< 2 Corinthians 6 >
1 And working together [with him] we entreat also that ye receive not the grace of God in vain
En wij, als medearbeidende, bidden u ook, dat gij de genade Gods niet tevergeefs moogt ontvangen hebben.
2 (for he saith, At an acceptable time I hearkened unto thee, And in a day of salvation did I succour thee: behold, now is the acceptable time; behold, now is the day of salvation):
Want Hij zegt: In den aangenamen tijd heb Ik u verhoord, en in den dag der zaligheid heb Ik u geholpen. Ziet, nu is het de welaangename tijd, ziet, nu is het de dag der zaligheid!
3 giving no occasion of stumbling in anything, that our ministration be not blamed;
Wij geven geen aanstoot in enig ding, opdat de bediening niet gelasterd worde.
4 but in everything commending ourselves, as ministers of God, in much patience, in afflictions, in necessities, in distresses,
Maar wij, als dienaars van God, maken onszelven in alles aangenaam, in vele verdraagzaamheid, in verdrukkingen, in noden, in benauwdheden,
5 in stripes, in imprisonments, in tumults, in labours, in watchings, in fastings;
In slagen, in gevangenissen, in beroerten, in arbeid, in waken, in vasten,
6 in pureness, in knowledge, in longsuffering, in kindness, in the Holy Ghost, in love unfeigned,
In reinheid, in kennis, in lankmoedigheid, in goedertierenheid, in den Heiligen Geest, in ongeveinsde liefde.
7 in the word of truth, in the power of God; by the armour of righteousness on the right hand and on the left,
In het woord der waarheid, in de kracht van God, door de wapenen der gerechtigheid aan de rechter- en aan de linkerzijde;
8 by glory and dishonour, by evil report and good report; as deceivers, and [yet] true;
Door eer en oneer, door kwaad gerucht en goed gerucht; als verleiders, en nochtans waarachtigen;
9 as unknown, and [yet] well known; as dying, and behold, we live; as chastened, and not killed;
Als onbekenden, en nochtans bekend; als stervenden, en ziet, wij leven; als getuchtigd, en niet gedood;
10 as sorrowful, yet alway rejoicing; as poor, yet making many rich; as having nothing, and [yet] possessing all things.
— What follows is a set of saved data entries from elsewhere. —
lemma rk_Suc:
  "rk K (Suc n) x = (if x n \<in> lin_span_over K x {0..<n} then rk K n x else Suc (rk K n x))"
proof (cases "x n \<in> lin_span_over K x {0..<n}")
  case True
  \<comment> \<open>Comparing the sizes of the spans avoids the exchange lemma.\<close>
  then have "lin_span_over K x {0..<Suc n} \<subseteq> lin_span_over K x {0..<n}"
    by (intro lin_span_over_subset) (auto simp: less_Suc_eq coord_in_lin_span_over)
  then have "card (lin_span_over K x {0..<Suc n}) \<le> card (lin_span_over K x {0..<n})"
    by (rule card_mono[OF finite])
  then have "card K ^ rk K (Suc n) x \<le> card K ^ rk K n x"
    by (simp only: card_lin_span_over_rk)
  then have "rk K (Suc n) x \<le> rk K n x"
    using power_le_imp_le_exp[OF card_K_gt_1] by blast
  then show ?thesis
    using True rk_le_rk_Suc[of n x] by simp
next
  case False
  obtain S where S: "S \<subseteq> {0..<n}" "lin_indep_over K x S" "card S = rk K n x"
    "lin_span_over K x {0..<n} = lin_span_over K x S"
    using rk_basis .
  have "finite S" "n \<notin> S"
    using S(1) finite_subset by auto
  then have "card (insert n S) \<le> rk K (Suc n) x"
    using False S by (intro rk_ge lin_indep_over_insert) auto
  then show ?thesis
    using False rk_Suc_le_Suc[of n x] S(3) \<open>finite S\<close> \<open>n \<notin> S\<close> by simp
qed

lemma rk_fun_upd:
  "rk K (Suc n) (y(n := a)) =
    (if a \<in> lin_span_over K y {0..<n} then rk K n y else Suc (rk K n y))"
proof -
  have "rk K n (y(n := a)) = rk K n y"
    by (rule rk_cong) auto
  moreover have "lin_span_over K (y(n := a)) {0..<n} = lin_span_over K y {0..<n}"
    by (rule lin_span_over_cong) auto
  ultimately show ?thesis
    using rk_Suc[of n "y(n := a)"] by (simp only: fun_upd_same)
qed

lemma rk_zero: "rk K n (\<lambda>_. 0) = 0"
proof (induction n)
  case (Suc n)
  have "0 \<in> lin_span_over K (\<lambda>_. 0) {0..<n}"
    using lin_comb_in_lin_span_over[of "{}"] by simp
  then show ?case
    using Suc by (simp add: rk_Suc)
qed (simp add: rk_0)
(* Let $w$ be the one-sided fixed point starting with $a$ of the Fibonacci substitution, and let $n\ge1$. There exist strictly increasing sequences $(j_k)_{k\ge0}$, $(l_k)_{k\ge0}$, $(m_k)_{k\ge0}$ of even nonnegative integers such that \[C_a(X)=C_{a,R_n}(X)\sum_{k=0}^\infty X^{j_k}+C_{a,S_n}(X)\sum_{k=0}^\infty X^{l_k}+C_{a,T_n}(X)\sum_{k=0}^\infty X^{m_k}\] as formal power series (hence also for all real $X\in(-1,1)$).
   Context: The Fibonacci substitution is $\sigma(a)=ab$, $\sigma(b)=a$, extended to words by concatenation; $w=w_0w_1\ldots=\lim_{m\to\infty}\sigma^m(a)$ is its fixed point starting with $a$, and $C_a(X)=\sum_{n\ge0}1_a(w_n)X^n$. Let $A_n=\sigma^n(a)$, $B_n=\sigma^n(b)$, and $R_n=A_{3n}B_{3n}$, $S_n=A_{3n}A_{3n}$, $T_n=B_{3n}A_{3n}$ (concatenations). With Fibonacci numbers $f_1=f_2=1$, $f_{i+2}=f_{i+1}+f_i$, one has $|A_n|=f_{n+2}$, $|R_n|=|T_n|=f_{3n+3}$, $|S_n|=2f_{3n+2}$, all even. For a finite word $u=u_0\cdots u_L$, $C_{a,u}(X)=\sum_{i=0}^{L}1_a(u_i)X^i$. *)

theory Defs
  imports "HOL-Computational_Algebra.Formal_Power_Series"
begin

datatype letter = La | Lb

fun sigma1 :: "letter \<Rightarrow> letter list" where
  "sigma1 La = [La, Lb]"
| "sigma1 Lb = [La]"

definition sigma :: "letter list \<Rightarrow> letter list" where
  "sigma u = concat (map sigma1 u)"

definition Aw :: "nat \<Rightarrow> letter list" where "Aw n = (sigma ^^ n) [La]"
definition Bw :: "nat \<Rightarrow> letter list" where "Bw n = (sigma ^^ n) [Lb]"

definition Rw :: "nat \<Rightarrow> letter list" where "Rw n = Aw (3*n) @ Bw (3*n)"
definition Sw :: "nat \<Rightarrow> letter list" where "Sw n = Aw (3*n) @ Aw (3*n)"
definition Tw :: "nat \<Rightarrow> letter list" where "Tw n = Bw (3*n) @ Aw (3*n)"

text \<open>The fixed point w = lim sigma^m(a): since sigma^m(a) is a prefix of sigma^(m+1)(a)
  and has length f_(m+2) > m, the n-th letter of w is the n-th letter of sigma^(n+1)(a).\<close>
definition fibw :: "nat \<Rightarrow> letter" where
  "fibw n = Aw (Suc n) ! n"

definition ind_a :: "letter \<Rightarrow> real" where
  "ind_a x = (if x = La then 1 else 0)"

definition Ca :: "real fps" where
  "Ca = Abs_fps (\<lambda>i. ind_a (fibw i))"

definition Cau :: "letter list \<Rightarrow> real fps" where
  "Cau u = Abs_fps (\<lambda>i. if i < length u then ind_a (u ! i) else 0)"

text \<open>For an injective (e.g. strictly increasing) sequence j, the formal power series
  sum_k X^(j k) has coefficient 1 at exponents in the range of j and 0 elsewhere.\<close>
definition seq_series :: "(nat \<Rightarrow> nat) \<Rightarrow> real fps" where
  "seq_series j = Abs_fps (\<lambda>i. if i \<in> range j then 1 else 0)"

end

theory Submission
  imports Defs "HOL-Library.Infinite_Set"
begin
lemma sorted_list_of_set_atLeast1AtMost: "sorted_list_of_set {1..n} = [1..<n + 1]"
  using sorted_list_of_set_range[of 1 "Suc n"] by (simp add: atLeastLessThanSuc_atLeastAtMost)

lemma sorted_list_of_set_Un_less:
  assumes "finite L" "finite M" "\<And>x y. x \<in> L \<Longrightarrow> y \<in> M \<Longrightarrow> x < y"
  shows "sorted_list_of_set (L \<union> M) = sorted_list_of_set L @ sorted_list_of_set (M :: 'a::linorder set)"
proof (rule sorted_distinct_set_unique)
  show "sorted (sorted_list_of_set L @ sorted_list_of_set M)"
    using assms by (auto simp: sorted_append less_imp_le)
  show "distinct (sorted_list_of_set L @ sorted_list_of_set M)"
    using assms by fastforce
qed (use assms in auto)

lemma sorted_list_of_set_interval_split:
  fixes A B :: "'a::linorder set"
  assumes "finite A" "B \<subseteq> A" "B \<noteq> {}"
    and interval: "\<And>a. a \<in> A \<Longrightarrow> Min B < a \<Longrightarrow> a < Max B \<Longrightarrow> a \<in> B"
  defines "L \<equiv> {a \<in> A. a < Min B}" and "R \<equiv> {a \<in> A. Max B < a}"
  shows "sorted_list_of_set A = sorted_list_of_set L @ sorted_list_of_set B @ sorted_list_of_set R"
    and "sorted_list_of_set (A - B) = sorted_list_of_set L @ sorted_list_of_set R"
proof -
  have fin: "finite B" "finite L" "finite R"
    using assms(1,2) finite_subset unfolding L_def R_def by auto
  have "A = L \<union> (B \<union> R)"
  proof -
    have "a \<in> L \<union> (B \<union> R)" if "a \<in> A" for a
    proof -
      consider "a < Min B" | "Max B < a" | "a = Min B" | "a = Max B" | "Min B < a" "a < Max B"
        using linorder_less_linear[of a "Min B"] linorder_less_linear[of a "Max B"] by blast
      then show ?thesis
        using that interval[OF that] Min_in[OF fin(1) assms(3)] Max_in[OF fin(1) assms(3)]
        unfolding L_def R_def by cases auto
    qed
    then show ?thesis
      using assms(2) unfolding L_def R_def by auto
  qed
  have LB: "x < y" if "x \<in> L" "y \<in> B" for x y
    using that fin(1) less_le_trans[of x "Min B" y] unfolding L_def by simp
  have BR: "x < y" if "x \<in> B" "y \<in> R" for x y
    using that fin(1) le_less_trans[of x "Max B" y] unfolding R_def by simp
  have LR: "x < y" if "x \<in> L" "y \<in> R" for x y
    using LB BR that Min_in[OF fin(1) assms(3)] by (meson order.strict_trans)
  have "sorted_list_of_set (L \<union> (B \<union> R)) = sorted_list_of_set L @ sorted_list_of_set (B \<union> R)"
    by (rule sorted_list_of_set_Un_less) (use fin LB LR in auto)
  also have "sorted_list_of_set (B \<union> R) = sorted_list_of_set B @ sorted_list_of_set R"
    by (rule sorted_list_of_set_Un_less) (use fin BR in auto)
  finally show "sorted_list_of_set A = sorted_list_of_set L @ sorted_list_of_set B @ sorted_list_of_set R"
    using \<open>A = L \<union> (B \<union> R)\<close> by simp
  have "A - B = L \<union> R"
    using \<open>A = L \<union> (B \<union> R)\<close> LB BR by blast
  then show "sorted_list_of_set (A - B) = sorted_list_of_set L @ sorted_list_of_set R"
    using sorted_list_of_set_Un_less[of L R] fin LR by simp
qed

section \<open>Intervals in the lattice of set partitions\<close>

lemma refinesI: "(\<And>C. C \<in> \<sigma> \<Longrightarrow> \<exists>D\<in>\<tau>. C \<subseteq> D) \<Longrightarrow> refines \<sigma> \<tau>"
  by (simp add: Defs.refines_def)

lemma refinesE:
  assumes "refines \<sigma> \<tau>" "C \<in> \<sigma>"
  obtains D where "D \<in> \<tau>" "C \<subseteq> D"
  using assms by (auto simp: Defs.refines_def)

lemma refines_reflexive: "refines \<sigma> \<sigma>"
  by (auto simp: Defs.refines_def)

lemma refines_single_block: "partition_on A \<sigma> \<Longrightarrow> refines \<sigma> {A}"
  by (auto simp: Defs.refines_def partition_on_def)

lemma singletons_refines: "partition_on A \<sigma> \<Longrightarrow> refines ((\<lambda>x. {x}) ` A) \<sigma>"
  by (auto simp: Defs.refines_def partition_on_def)

lemma refines_block_unique:
  assumes "partition_on A \<tau>" "C \<noteq> {}" "D \<in> \<tau>" "C \<subseteq> D" "D' \<in> \<tau>" "C \<subseteq> D'"
  shows "D' = D"
proof -
  obtain x where "x \<in> C"
    using assms(2) by blast
  then show ?thesis
    using partition_on_block_eq[OF assms(1,5,3)] assms(4,6) by blast
qed

definition partitions_between :: "nat set \<Rightarrow> nat set set \<Rightarrow> nat set set \<Rightarrow> nat set set set" where
  "partitions_between A \<sigma> \<pi> = {\<tau>. partition_on A \<tau> \<and> refines \<sigma> \<tau> \<and> refines \<tau> \<pi>}"

lemma finite_partitions_between: "finite A \<Longrightarrow> finite (partitions_between A \<sigma> \<pi>)"
  unfolding partitions_between_def
  by (rule finite_subset[OF _ finitely_many_partition_on]) auto

definition blocks_in :: "'a set set \<Rightarrow> 'a set \<Rightarrow> 'a set set" where
  "blocks_in \<tau> B = {C \<in> \<tau>. C \<subseteq> B}"

lemma partition_on_blocks_in:
  assumes "partition_on A \<tau>" "partition_on A \<pi>" "refines \<tau> \<pi>" "B \<in> \<pi>"
  shows "partition_on B (blocks_in \<tau> B)"
proof -
  have "Disjoint_Sets.refines A \<tau> \<pi>"
    using assms(1-3) by (simp add: Disjoint_Sets.refines_def Defs.refines_def)
  then show ?thesis
    unfolding blocks_in_def using assms(4) by (rule refines_obtains_subset)
qed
Als droevig zijnde, doch altijd blijde; als arm, doch velen rijk makende; als niets hebbende, en nochtans alles bezittende.
11 Our mouth is open unto you, O Corinthians, our heart is enlarged.
Onze mond is opengedaan tegen u, o Korinthiers, ons hart is uitgebreid.
12 Ye are not straitened in us, but ye are straitened in your own affections.
Gij zijt niet nauw in ons, maar gij zijt nauw in uw ingewanden.
13 Now for a recompense in like kind (I speak as unto [my] children), be ye also enlarged.
Nu, om dezelfde vergelding te doen, (ik spreek als tot mijn kinderen) zo wordt gij ook uitgebreid.
14 Be not unequally yoked with unbelievers: for what fellowship have righteousness and iniquity? or what communion hath light with darkness?
Trekt niet een ander juk aan met de ongelovigen; want wat mededeel heeft de gerechtigheid met de ongerechtigheid, en wat gemeenschap heeft het licht met de duisternis?
15 And what concord hath Christ with Belial? or what portion hath a believer with an unbeliever?
En wat samenstemming heeft Christus met Belial, of wat deel heeft de gelovige met den ongelovige?
16 And what agreement hath a temple of God with idols? for we are a temple of the living God; even as God said, I will dwell in them, and walk in them; and I will be their God, and they shall be my people.
Of wat samenvoeging heeft de tempel Gods met de afgoden? Want gij zijt de tempel des levenden Gods; gelijkerwijs God gezegd heeft: Ik zal in hen wonen, en Ik zal onder hen wandelen; en Ik zal hun God zijn, en zij zullen Mij een Volk zijn.
17 Wherefore Come ye out from among them, and be ye separate, saith the Lord, And touch no unclean thing; And I will receive you,
Daarom gaat uit het midden van hen, en scheidt u af, zegt de Heere, en raakt niet aan hetgeen onrein is, en Ik zal ulieden aannemen.
18 And will be to you a Father, And ye shall be to me sons and daughters, saith the Lord Almighty.
En Ik zal u tot een Vader zijn, en gij zult Mij tot zonen en dochteren zijn, zegt de Heere, de Almachtige.